Internal combustion engines are energy transforming mechanisms used by most automotive vehicles, and comprise basically two main parts: one or more engine heads and an engine block. At the bottom of the head (s) are located the combustion chambers (on Diesel engines, the combustion chambers are generally in the piston heads) and on the engine block are located the cylinders and the crankshaft assembly. The crankshaft assembly is composed by pistons, rods and crankshaft.
An engine converts the energy produced by combustion of the (fuel and air) mixture in the combustion chambers into mechanical energy capable of imparting movement to the wheels.
Since the driving power required for moving the automobile comes from the burning of the air/fuel mixture in the combustion chamber, and in order to ensure a homogeneous combustion, without burning oil, and still to prevent excessive passage of gases from the cylinder to the crank-case, it is necessary to use rings for promoting good sealing of the clearance existing between the piston and the cylinder wall.
Most of modern internal combustion engines that work according to the Otto and Diesel cycles use three rings, two of which being compression rings and one being an oil control (scraper) ring. The compression rings have the function of preventing passage of combustion gases into the crank-case, and the oil ring has the function of scraping excess oil from the cylinder wall and returning it to the crankcase, controlling the thickness of the oil film, so that the operation of the engine will take place within the premises of design and operation.
Another important function of the rings is that of serving as a bridge for transmitting heat from the piston to the cylinder wall/liner, where dissipation of the calorie takes place through the cooling system.
The oil scraping rings may be composed of one, two or three parts.
Two-piece or three-piece oil scraping rings are employed in the vast majority of applications, by virtue of their good global performance.
A two-piece ring comprises an annular body provided with two trapezoidal annular protrusions that face the cylinder sleeve and an equally annular, internal and concentric expanding element.
A three-piece ring, in turn, usually has a first upper annular segment and a second lower annular segment, which are associated to an intermediate expanding element, which presses in a controlled manner the upper and lower segments against the cylinder wall. The force exerted by the expanding element, which is nothing else than a resilient element, is calculated so that the oil film on the cylinder wall will have the desired thickness.
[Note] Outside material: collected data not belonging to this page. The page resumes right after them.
(* Let $M$ be a finite item set, $n\ge1$, and $v$ a normalized monotone valuation on $M$. (1) If $v$ is subadditive, then $\mathrm{RMMS}(M,v,n)\ge \frac1n\,\mathrm{MMS}(M,v,n)$. (2) If $v$ is additive, then $\mathrm{RMMS}(M,v,n)\ge \rho_n\,\mathrm{MMS}(M,v,n)$, where $\rho_n=\frac{2n}{3n-1}$ for odd $n$ and $\rho_n=\frac{2n-2}{3n-4}$ for even $n$; in particular $\mathrm{RMMS}(M,v,n)\ge\frac23\,\mathrm{MMS}(M,v,n)$.
   Context: A valuation is a function $v:2^M\to\mathbb{R}_{\ge0}$ that is normalized ($v(\emptyset)=0$) and monotone. It is additive if $v(S)=\sum_{e\in S}v(\{e\})$ for all $S$, and subadditive if $v(S)+v(T)\ge v(S\cup T)$ for all $S,T\subseteq M$. $\mathrm{MMS}(M,v,n)$ is the maximum, over all partitions $P_1,\dots,P_n$ of $M$ into $n$ (possibly empty) parts, of $\min_j v(P_j)$. Residual maximin share: $\mathrm{RMMS}(M,v,n)$ is the largest real $t$ with the following property: for every $0\le k<n$ and every $k$ pairwise disjoint bundles $B_1,\dots,B_k\subseteq M$ with $v(B_j)<t$ for all $j$, the set $M\setminus(B_1\cup\dots\cup B_k)$ can be partitioned into $n-k$ bundles each of value (under $v$) at least $t$. *)

theory Defs
  imports Main "HOL.Real"
begin

definition valuation :: "'a set \<Rightarrow> ('a set \<Rightarrow> real) \<Rightarrow> bool" where
  "valuation M v \<longleftrightarrow> v {} = 0 \<and> (\<forall>S. S \<subseteq> M \<longrightarrow> v S \<ge> 0)
     \<and> (\<forall>S T. S \<subseteq> T \<longrightarrow> T \<subseteq> M \<longrightarrow> v S \<le> v T)"

definition additive_val :: "'a set \<Rightarrow> ('a set \<Rightarrow> real) \<Rightarrow> bool" where
  "additive_val M v \<longleftrightarrow> (\<forall>S. S \<subseteq> M \<longrightarrow> v S = (\<Sum>e\<in>S. v {e}))"

definition subadditive_val :: "'a set \<Rightarrow> ('a set \<Rightarrow> real) \<Rightarrow> bool" where
  "subadditive_val M v \<longleftrightarrow> (\<forall>S T. S \<subseteq> M \<longrightarrow> T \<subseteq> M \<longrightarrow> v S + v T \<ge> v (S \<union> T))"

definition is_partition :: "'a set \<Rightarrow> nat \<Rightarrow> (nat \<Rightarrow> 'a set) \<Rightarrow> bool" where
  "is_partition S n P \<longleftrightarrow> (\<Union>j<n. P j) = S \<and> (\<forall>i<n. \<forall>j<n. i \<noteq> j \<longrightarrow> P i \<inter> P j = {})"

definition MMS :: "'a set \<Rightarrow> ('a set \<Rightarrow> real) \<Rightarrow> nat \<Rightarrow> real" where
  "MMS M v n = Sup {Min ((\<lambda>j. v (P j)) ` {..<n}) | P. is_partition M n P}"

definition RMMS_prop :: "'a set \<Rightarrow> ('a set \<Rightarrow> real) \<Rightarrow> nat \<Rightarrow> real \<Rightarrow> bool" where
  "RMMS_prop M v n t \<longleftrightarrow>
     (\<forall>k<n. \<forall>B :: nat \<Rightarrow> 'a set.
        (\<forall>j<k. B j \<subseteq> M) \<and> (\<forall>i<k. \<forall>j<k. i \<noteq> j \<longrightarrow> B i \<inter> B j = {}) \<and> (\<forall>j<k. v (B j) < t)
        \<longrightarrow> (\<exists>P. is_partition (M - (\<Union>j<k. B j)) (n - k) P \<and> (\<forall>j<n - k. v (P j) \<ge> t)))"

text \<open>The largest t with the property (the property is downward closed and bounded, so this is its supremum).\<close>
definition RMMS :: "'a set \<Rightarrow> ('a set \<Rightarrow> real) \<Rightarrow> nat \<Rightarrow> real" where
  "RMMS M v n = Sup {t. RMMS_prop M v n t}"

definition rho :: "nat \<Rightarrow> real" where
  "rho n = (if odd n then 2 * real n / (3 * real n - 1) else (2 * real n - 2) / (3 * real n - 4))"

end

theory Submission
  imports Defs "HOL-Library.Disjoint_Sets"
begin

text \<open>Fix a partition \<open>Q\<close> of \<open>M\<close> into \<open>n\<close> parts worth at least \<open>\<mu>\<close> each and remove
  \<open>k < n\<close> disjoint bundles worth less than \<open>t\<close> each. By subadditivity their union \<open>U\<close> is worth
  at most \<open>k * t\<close>, and nothing else about the bundles is used.

  For subadditive \<open>v\<close> and \<open>t = \<mu> / n\<close>, every piece \<open>Q i - U\<close> is still worth at least
  \<open>\<mu> - (n - 1) * t = t\<close>, so the pieces can be grouped into \<open>n - k\<close> bundles worth at least \<open>t\<close>.

  For additive \<open>v\<close> and \<open>t = rho n * \<mu>\<close>, the deficits \<open>\<mu> - v (Q i - U)\<close> add up to at most
  \<open>v U \<le> k * t\<close>. Merging two pieces whose union is still worth less than \<open>t\<close> lowers the total
  deficit by \<open>\<mu> \<ge> t\<close>. Once no such pair is left, any two light pieces form a bundle, and the
  choice of \<open>rho n\<close> ensures that a deficit budget of \<open>K * t\<close> admits at most \<open>2 * K\<close> light
  pieces, so pairing them loses at most \<open>K\<close> bundles.\<close>

lemma is_partition_iff_disjoint_family:
  "is_partition S n P \<longleftrightarrow> (\<Union>j<n. P j) = S \<and> disjoint_family_on P {..<n}"
  by (auto simp: is_partition_def disjoint_family_on_def)

lemma is_partition_subset: "is_partition S n P \<Longrightarrow> j < n \<Longrightarrow> P j \<subseteq> S"
  by (auto simp: is_partition_def)

lemma is_partition_single: "is_partition S (Suc 0) (\<lambda>_. S)"
  by (auto simp: is_partition_def)

lemma is_partition_fun_upd:
  assumes "is_partition S m P" "Y \<inter> S = {}"
  shows "is_partition (S \<union> Y) (Suc m) (P(m := Y))"
  using assms by (fastforce simp: is_partition_def lessThan_Suc less_Suc_eq)

lemma is_partition_Diff:
  "is_partition S n P \<Longrightarrow> is_partition (S - U) n (\<lambda>j. P j - U)"
  by (auto simp: is_partition_def)

lemma valuation_mono: "valuation M v \<Longrightarrow> S \<subseteq> T \<Longrightarrow> T \<subseteq> M \<Longrightarrow> v S \<le> v T"
  by (simp add: valuation_def)

lemma valuation_nonneg: "valuation M v \<Longrightarrow> S \<subseteq> M \<Longrightarrow> 0 \<le> v S"
  by (simp add: valuation_def)

lemma additive_val_Un:
  assumes "additive_val M v" "finite M" "S \<subseteq> M" "T \<subseteq> M" "S \<inter> T = {}"
  shows "v (S \<union> T) = v S + v T"
proof -
  have "finite S" "finite T" using assms(2-4) by (auto intro: finite_subset)
  with assms show ?thesis
    unfolding additive_val_def by (simp add: sum.union_disjoint)
qed

lemma additive_val_imp_subadditive_val:
  assumes "valuation M v" "additive_val M v" "finite M"
  shows "subadditive_val M v"
  unfolding subadditive_val_def
proof (intro allI impI)
  fix S T assume "S \<subseteq> M" "T \<subseteq> M"
  then have "v (S \<union> T) = v S + v (T - S)"
    using additive_val_Un[OF assms(2,3)] by (metis Diff_disjoint Diff_subset Un_Diff_cancel order_trans)
  also have "\<dots> \<le> v S + v T"
    using valuation_mono[OF assms(1)] \<open>T \<subseteq> M\<close> by simp
  finally show "v (S \<union> T) \<le> v S + v T" .
qed
lemma sibling_heads_above_mrca_ordered:
  assumes "g1 \<in> E" "g2 \<in> E" "g1 \<noteq> g2" "src g1 = src g2" and above: "(src g1, m) \<in> A\<^sup>+"
  shows "(tgt g2, tgt g1) \<in> A\<^sup>*"
proof (rule ccontr)
  assume unordered: "(tgt g2, tgt g1) \<notin> A\<^sup>*"
  have "(tgt g1, m) \<in> A\<^sup>*" "(tgt g2, m) \<in> A\<^sup>*"
    using arc_above_mrca[OF above] assms by (auto simp: arcs_iff)
  with cycle_through_sibling_edges[OF finite_edges acyclic_arcs assms(1-4)]
  obtain es vs t where cycle: "is_ucycle src tgt E es vs"
    and t: "(tgt g1, t) \<in> A\<^sup>*" "(tgt g2, t) \<in> A\<^sup>*" "(t, m) \<in> A\<^sup>*"
    and pass: "tgt g1 \<noteq> t \<Longrightarrow> passes_through src tgt (set es) (tgt g1)"
    by metis
  have "tgt g1 \<noteq> t"
    using unordered t by auto
  moreover from this t have "(tgt g1, m) \<in> A\<^sup>+"
    by (auto simp: rtrancl_eq_or_trancl)
  ultimately show False
    using cycle_cannot_pass_above_mrca[OF cycle pass] by blast
qed

lemma parallel_out_edges_above_mrca:
  assumes "g1 \<in> E" "g2 \<in> E" "src g1 = src g2" "(src g1, m) \<in> A\<^sup>+"
  shows "tgt g1 = tgt g2"
proof (cases "g1 = g2")
  case False
  with assms have "(tgt g2, tgt g1) \<in> A\<^sup>*" "(tgt g1, tgt g2) \<in> A\<^sup>*"
    using sibling_heads_above_mrca_ordered[of g1 g2] sibling_heads_above_mrca_ordered[of g2 g1] by auto
  then show ?thesis
    using acyclic_impl_antisym_rtrancl[OF acyclic_arcs] by (auto dest: antisymD)
qed simp

lemma tree_node_above_mrca:
  assumes cut: "cut_node c" and above: "(c, m) \<in> A\<^sup>+" and "outdeg src E c = 2"
  obtains h where "(c, h) \<in> A" "\<And>y. (c, y) \<in> A \<Longrightarrow> y = h"
    "card {e \<in> E. src e = c \<and> tgt e = h} = 2" "cut_node h" "outdeg src E h = 1"
proof -
  obtain e1 e2 where e: "e1 \<noteq> e2" "{e \<in> E. src e = c} = {e1, e2}"
    using \<open>outdeg src E c = 2\<close> unfolding outdeg_def card_2_iff by blast
  define h where "h = tgt e1"
  have e1: "e1 \<in> E" "src e1 = c"
    using e(2) by blast+
  have all_to_h: "tgt e = h" if "e \<in> E" "src e = c" for e
    using parallel_out_edges_above_mrca[of e e1] e1 that above by (simp add: h_def)
  have sole: "y = h" if "(c, y) \<in> A" for y
    using all_to_h that by (auto simp: arcs_iff)
  have arc: "(c, h) \<in> A"
    using e1 by (auto simp: arcs_iff h_def)
  have two: "{e \<in> E. src e = c \<and> tgt e = h} = {e1, e2}"
    using e all_to_h by blast
  then have "{e1, e2} \<subseteq> {e \<in> E. tgt e = h}"
    by blast
  with finite_edges have "card {e1, e2} \<le> indeg tgt E h"
    unfolding indeg_def by (intro card_mono) auto
  then have "indeg tgt E h \<ge> 2"
    using e(1) by simp
  moreover have "h \<in> V" "h \<noteq> r"
    using arc_ends_in_V[OF arc] no_edge_into_root e by (auto simp: h_def)
  ultimately have "outdeg src E h = 1"
    using node_kinds[of h] by (auto simp: is_leaf_def is_tree_node_def is_hybrid_def)
  moreover have "card {e \<in> E. src e = c \<and> tgt e = h} = 2"
    using two e(1) by simp
  ultimately show thesis
    using that[OF arc sole] cut_node_sole_child[OF cut arc sole] by blast
qed
lemma missing_edge_mat_eigenvalueD:
  fixes d e lam :: "'a::field"
  assumes pq: "p \<noteq> q" "p < k" "q < k"
    and ev: "eigenvalue (missing_edge_mat k p q d e) lam"
  shows "lam = e \<or> (lam - e)\<^sup>2 = (1 - e) * of_nat k * (lam - e) + (1 - e) * (d + e)"
proof (cases "lam = e")
  case False
  define \<mu> where "\<mu> = lam - e"
  have "\<mu> \<noteq> 0" using False by (simp add: \<mu>_def)
  from ev obtain v where v: "v \<in> carrier_vec k" and "v \<noteq> 0\<^sub>v k"
    and Mv: "missing_edge_mat k p q d e *\<^sub>v v = lam \<cdot>\<^sub>v v"
    unfolding eigenvalue_def eigenvector_def by auto
  define a where "a = (1 - e) * (\<Sum>c<k. v $ c) / \<mu>"
  define b where "b = (d + e) * v $ q / \<mu>"
  have v_eq: "v $ r = a + (if r = p then b else 0)" if r: "r < k" for r
  proof -
    have "lam * v $ r = (missing_edge_mat k p q d e *\<^sub>v v) $ r"
      using Mv r v by simp
    also have "\<dots> = e * v $ r + (1 - e) * (\<Sum>c<k. v $ c) + (if r = p then (d + e) * v $ q else 0)"
      by (rule missing_edge_mat_mult_vec[OF pq(1,3) v r])
    finally have "\<mu> * v $ r = (1 - e) * (\<Sum>c<k. v $ c) + (if r = p then (d + e) * v $ q else 0)"
      by (simp add: \<mu>_def algebra_simps)
    then have "v $ r = ((1 - e) * (\<Sum>c<k. v $ c) + (if r = p then (d + e) * v $ q else 0)) / \<mu>"
      using \<open>\<mu> \<noteq> 0\<close> by (simp add: eq_divide_eq mult.commute)
    then show ?thesis
      by (simp add: a_def b_def add_divide_distrib)
  qed
  have vq: "v $ q = a" using v_eq[OF pq(3)] pq(1) by simp
  have sum_v: "(\<Sum>c<k. v $ c) = of_nat k * a + b"
    using v_eq pq(2) by (simp add: sum.distrib)
  have "\<mu> * a = (1 - e) * (\<Sum>c<k. v $ c)"
    using \<open>\<mu> \<noteq> 0\<close> by (simp add: a_def)
  then have a_eq: "\<mu> * a = (1 - e) * (of_nat k * a + b)"
    unfolding sum_v .
  have b_eq: "\<mu> * b = (d + e) * a"
    using \<open>\<mu> \<noteq> 0\<close> vq by (simp add: b_def)
  have "a \<noteq> 0"
  proof
    assume "a = 0"
    then have "b = 0" using b_eq \<open>\<mu> \<noteq> 0\<close> by simp
    then have "v = 0\<^sub>v k" using v_eq \<open>a = 0\<close> v by (intro eq_vecI) auto
    with \<open>v \<noteq> 0\<^sub>v k\<close> show False ..
  qed
  have "\<mu>\<^sup>2 * a = (1 - e) * of_nat k * \<mu> * a + (1 - e) * (\<mu> * b)"
    using arg_cong[OF a_eq, of "(*) \<mu>"] by (simp add: algebra_simps power2_eq_square)
  also have "\<dots> = ((1 - e) * of_nat k * \<mu> + (1 - e) * (d + e)) * a"
    by (simp add: b_eq algebra_simps)
  finally show ?thesis
    using \<open>a \<noteq> 0\<close> by (simp add: \<mu>_def)
qed simp

lemma quadratic_other_root:
  fixes w m b c :: "'a::idom"
  assumes "w\<^sup>2 = b * w + c" and "m\<^sup>2 = b * m + c"
  shows "w = m \<or> w = b - m"
proof -
  have "(w - m) * (w - (b - m)) = 0"
    using assms by (simp add: algebra_simps power2_eq_square)
  then show ?thesis by simp
qed

lemma missing_edge_mat_eigenvalue_cases:
  fixes d e \<mu> lam :: "'a::field"
  assumes pq: "p \<noteq> q" "p < k" "q < k"
    and quad: "\<mu>\<^sup>2 = (1 - e) * of_nat k * \<mu> + (1 - e) * (d + e)"
    and ev: "eigenvalue (missing_edge_mat k p q d e) lam"
  shows "lam = e \<or> lam = e + \<mu> \<or> lam = e + ((1 - e) * of_nat k - \<mu>)"
  using missing_edge_mat_eigenvalueD[OF pq ev] quadratic_other_root[OF _ quad, of "lam - e"]
  by (auto simp: algebra_simps)

lemma spectral_radius_eqI:
  assumes "A \<in> carrier_mat k k" and "eigenvalue A z"
    and "\<And>w. eigenvalue A w \<Longrightarrow> norm w \<le> norm z"
  shows "spectral_radius A = norm z"
  unfolding spectral_radius_def
proof (rule Max_eqI)
  show "finite (norm ` spectrum A)"
    using card_finite_spectrum(1)[OF assms(1)] by simp
qed (use assms in \<open>auto simp: spectrum_def\<close>)

lemma scaled_quadratic_root:
  fixes a x c :: real
  assumes "0 < a" and "0 \<le> x\<^sup>2 + 4 * c / a"
  shows "(a / 2 * (x + sqrt (x\<^sup>2 + 4 * c / a)))\<^sup>2
    = a * x * (a / 2 * (x + sqrt (x\<^sup>2 + 4 * c / a))) + a * c"
proof -
  define S where "S = sqrt (x\<^sup>2 + 4 * c / a)"
  have S2: "S\<^sup>2 = x\<^sup>2 + 4 * c / a" using assms(2) by (simp add: S_def)
  have "(a / 2 * (x + S))\<^sup>2 = a\<^sup>2 / 4 * (x\<^sup>2 + 2 * x * S + S\<^sup>2)"
    by (simp add: power_mult_distrib power2_sum power_divide)
  also have "\<dots> = a * x * (a / 2 * (x + S)) + a * c"
    unfolding S2 using \<open>0 < a\<close> by (simp add: field_simps power2_eq_square)
  finally show ?thesis by (simp add: S_def)
qed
A single-piece ring, in turn, has a more restricted application due to the fact of having much flexibility inherent in its design, which, on the one hand, imparts excellent conformability to the ring when in operation, adjusting easily, and on the other hand makes its surface finish more difficult, which requires the ring to apply a great tangential force against the cylinder wall in order to guarantee that it will end up conforming to the cylinder sleeve during the engine run-in.
This high tangential force causes a high consumption of fuel by the engine, and still higher during the run-in operation, which renders the single-piece-ring solution widely left aside with respect to the two-piece or three-piece equivalents.
Until now, nobody had developed a single-piece oil-scraping ring capable of conforming easily to the cylinder by virtue of its flexibility and, concomitantly, applying a low tangential force, even during engine run-in, guaranteeing the correct oil-film thickness and decreasing the consumption of fuel by the engine, as well as emission of CO2.